Неподалёку ефрейтор Москаленко занимался строевой подготовкой с провинившимся в чём-то «карасём» Папрыкиным. До слуха доносились команды:
– Нале-во! Кру-гом!… Шаго-о-ом марш!.. Выше, выше ногу!.. Левой! Левой! Раз, два… Выше, говорю, ногу, носок тяни!
Москаленко был блатным. И всем своим поведением старался подчеркнуть это. До армии он имел условный срок – год, кажется – за хулиганство. Теперь Москаль бравировал своей судимостью, строил из себя этакого прожжённого урку. Речь его была пересыпана уголовной феней, да и разговаривал он с каким-то неприятным искусственным акцентом, словно нерусский, противно слушать.
Ты сплюнул попавшую в рот табачину и посмотрел в сторону куражившегося Москаля.
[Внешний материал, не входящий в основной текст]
lemma word_split_around:
  assumes "k < length u"
  shows "\<exists>x b y. length y = k \<and> (x \<noteq> [] \<longrightarrow> hd x = hd u) \<and>
    (u = x @ digit u (Suc k) # b # y \<or> x = [] \<and> digit u (Suc k) = 0 \<and> u = b # y)"
proof -
  define y where "y = drop (length u - k) u"
  have ly: "length y = k" using assms by (simp add: y_def)
  show ?thesis
  proof (cases "Suc k < length u")
    case True
    define p where "p = length u - Suc (Suc k)"
    define x c b where "x = take p u" and "c = u ! p" and "b = u ! Suc p"
    have "Suc p < length u" "Suc (Suc p) = length u - k" using True by (simp_all add: p_def)
    then have u_eq: "u = x @ c # b # y"
      unfolding x_def c_def b_def y_def by (metis word_split_at)
    then have "c = digit u (Suc k)" using ly by (simp add: digit_infix)
    moreover have "x \<noteq> [] \<longrightarrow> hd x = hd u" using u_eq by (cases x) auto
    ultimately show ?thesis using u_eq ly by blast
  next
    case False
    then have len: "length u = Suc k" using assms by simp
    then have "u \<noteq> []" "tl u = y" by (auto simp: y_def drop_Suc)
    then have "u = hd u # y" by (metis list.collapse)
    moreover have "digit u (Suc k) = 0" using len by (simp add: digit_ge_length)
    ultimately show ?thesis using ly by blast
  qed
qed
Тот был высок, но худ и хлипок на вид. Тебе встречались на гражданке подобные «герои» – они смелы лишь когда за их плечами толпа: дома – дворовые дружбаны, здесь – одногодки-«деды». А прижми его одного где-нибудь в тёмном углу – мигом в штаны напустит.
…Чуть ли не на каждом дежурстве институтского оперотряда ты вылавливал с ребятами таких блатарей. Обычно их заводили к себе в штаб и – если рыпались – молотили вволю. Разумеется, синяков не оставляли: били по почкам, печени, в пах – пока очередной «герой» пощады не запросит. А просили почти все. Слезу пускали. Во всяком случае, ни одного стоящего человека ты среди них не встречал. Да и откуда им взяться: стоящие мужики по улицам не шухарят, к прохожим не пристают.
Был случай, избила одна дворовая компания парня из вашего оперотряда. Такое нельзя было оставить безнаказанным. К счастью, отыскать зарвавшееся хулиганьё не представляло особенного труда: компания каждый вечер тусовалась в своём районе, выпивая, балуясь «планом» и задирая между делом гуляющие парочки… Их всех накрыли в первый же вечер и отвели к себе в штаб. Курировавший оперотряд лейтенант предупредил, чтобы обошлись «без глупостей»; и дипломатично удалился. Тут-то ребята и всыпали этой шушере… И что же? Хоть бы один из них выдержал свою блатную марку. Нет, сразу стали валить друг на друга: это не я, мол, это вот такой-то и такой-то били, а я только рядом стоял, отговаривал… Протоколы подписали – такие, что потом, наверное, стыдно было смотреть друг другу в глаза.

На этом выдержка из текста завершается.